** Opening RECORDS FOR PROCESSING block **

lemma real_analytic_on_vanishing_left_imp_right:
  fixes h :: "real \<Rightarrow> 'a::{real_normed_field,banach}"
  assumes "real_analytic_on h {a..}" and "a < x" and "\<And>t. t \<in> {a..<x} \<Longrightarrow> h t = 0"
  obtains r where "r > 0" and "\<And>t. t \<in> {x..<x + r} \<Longrightarrow> h t = 0"
proof -
  obtain r c where "r > 0"
    and c: "\<forall>y\<in>{a..}. \<bar>y - x\<bar> < r \<longrightarrow> (\<lambda>n. (y - x) ^ n *\<^sub>R c n) sums h y"
    using assms(1,2) unfolding real_analytic_on_def by (meson atLeast_iff less_imp_le)
  have "(\<lambda>n. z ^ n *\<^sub>R c n) sums 0" if "z \<in> {-min r (x - a)<..<0}" for z
    using c[rule_format, of "x + z"] assms(3)[of "x + z"] that by auto
  moreover have "min r (x - a) > 0"
    using \<open>r > 0\<close> assms(2) by simp
  ultimately have "c n = 0" for n
    using powser_vanishing_on_left_imp_zero by blast
  then have "h t = 0" if "t \<in> {x..<x + r}" for t
    using c[rule_format, of t] that assms(2) sums_unique2[OF sums_zero] by auto
  with \<open>r > 0\<close> show thesis
    by (rule that)
qed

lemma real_analytic_continuation_atLeast:
  fixes h :: "real \<Rightarrow> 'a::{real_normed_field,banach}"
  assumes "real_analytic_on h {a..}" and "a < b" and "\<And>t. t \<in> {a..b} \<Longrightarrow> h t = 0"
    and "a \<le> t"
  shows "h t = 0"
proof (rule ccontr)
  assume "h t \<noteq> 0"
  define A where "A = {s. \<forall>u\<in>{a..s}. h u = 0}"
  have "b \<in> A"
    using assms(3) by (simp add: A_def)
  have "s < t" if "s \<in> A" for s
    using that assms(4) \<open>h t \<noteq> 0\<close> unfolding A_def by force
  then have "bdd_above A"
    by (meson bdd_aboveI less_imp_le)
  define S where "S = Sup A"
  have "b \<le> S"
    unfolding S_def using \<open>b \<in> A\<close> \<open>bdd_above A\<close> by (rule cSup_upper)
  have left: "h u = 0" if u: "u \<in> {a..<S}" for u
  proof -
    have "A \<noteq> {}"
      using \<open>b \<in> A\<close> by blast
    then obtain s where "s \<in> A" "u < s"
      using u less_cSup_iff[OF _ \<open>bdd_above A\<close>, of u] unfolding S_def by auto
    with u show ?thesis
      unfolding A_def by auto
  qed
  have "a < S"
    using assms(2) \<open>b \<le> S\<close> by simp
  then obtain r where "r > 0" and right: "\<And>u. u \<in> {S..<S + r} \<Longrightarrow> h u = 0"
    using real_analytic_on_vanishing_left_imp_right[OF assms(1)] left by blast
  have "S + r / 2 \<in> A"
    unfolding A_def mem_Collect_eq
  proof
    fix u assume "u \<in> {a..S + r / 2}"
    with left right \<open>r > 0\<close> show "h u = 0"
      by (cases "u < S") auto
  qed
  then have "S + r / 2 \<le> S"
    unfolding S_def using \<open>bdd_above A\<close> by (rule cSup_upper)
  with \<open>r > 0\<close> show False
    by simp
qed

** Closing RECORDS FOR PROCESSING block **

_BRIEF_
Write all the entries again precisely as they were given.

_ANSWER TO THE EXERCISE_
lemma real_analytic_on_vanishing_left_imp_right:
  fixes h :: "real \<Rightarrow> 'a::{real_normed_field,banach}"
  assumes "real_analytic_on h {a..}" and "a < x" and "\<And>t. t \<in> {a..<x} \<Longrightarrow> h t = 0"
  obtains r where "r > 0" and "\<And>t. t \<in> {x..<x + r} \<Longrightarrow> h t = 0"
proof -
  obtain r c where "r > 0"
    and c: "\<forall>y\<in>{a..}. \<bar>y - x\<bar> < r \<longrightarrow> (\<lambda>n. (y - x) ^ n *\<^sub>R c n) sums h y"
    using assms(1,2) unfolding real_analytic_on_def by (meson atLeast_iff less_imp_le)
  have "(\<lambda>n. z ^ n *\<^sub>R c n) sums 0" if "z \<in> {-min r (x - a)<..<0}" for z
    using c[rule_format, of "x + z"] assms(3)[of "x + z"] that by auto
  moreover have "min r (x - a) > 0"
    using \<open>r > 0\<close> assms(2) by simp
  ultimately have "c n = 0" for n
    using powser_vanishing_on_left_imp_zero by blast
  then have "h t = 0" if "t \<in> {x..<x + r}" for t
    using c[rule_format, of t] that assms(2) sums_unique2[OF sums_zero] by auto
  with \<open>r > 0\<close> show thesis
    by (rule that)
qed

lemma real_analytic_continuation_atLeast:
  fixes h :: "real \<Rightarrow> 'a::{real_normed_field,banach}"
  assumes "real_analytic_on h {a..}" and "a < b" and "\<And>t. t \<in> {a..b} \<Longrightarrow> h t = 0"
    and "a \<le> t"
  shows "h t = 0"
proof (rule ccontr)
  assume "h t \<noteq> 0"
  define A where "A = {s. \<forall>u\<in>{a..s}. h u = 0}"
  have "b \<in> A"
    using assms(3) by (simp add: A_def)
  have "s < t" if "s \<in> A" for s
    using that assms(4) \<open>h t \<noteq> 0\<close> unfolding A_def by force
  then have "bdd_above A"
    by (meson bdd_aboveI less_imp_le)
  define S where "S = Sup A"
  have "b \<le> S"
    unfolding S_def using \<open>b \<in> A\<close> \<open>bdd_above A\<close> by (rule cSup_upper)
  have left: "h u = 0" if u: "u \<in> {a..<S}" for u
  proof -
    have "A \<noteq> {}"
      using \<open>b \<in> A\<close> by blast
    then obtain s where "s \<in> A" "u < s"
      using u less_cSup_iff[OF _ \<open>bdd_above A\<close>, of u] unfolding S_def by auto
    with u show ?thesis
      unfolding A_def by auto
  qed
  have "a < S"
    using assms(2) \<open>b \<le> S\<close> by simp
  then obtain r where "r > 0" and right: "\<And>u. u \<in> {S..<S + r} \<Longrightarrow> h u = 0"
    using real_analytic_on_vanishing_left_imp_right[OF assms(1)] left by blast
  have "S + r / 2 \<in> A"
    unfolding A_def mem_Collect_eq
  proof
    fix u assume "u \<in> {a..S + r / 2}"
    with left right \<open>r > 0\<close> show "h u = 0"
      by (cases "u < S") auto
  qed
  then have "S + r / 2 \<le> S"
    unfolding S_def using \<open>bdd_above A\<close> by (rule cSup_upper)
  with \<open>r > 0\<close> show False
    by simp
qed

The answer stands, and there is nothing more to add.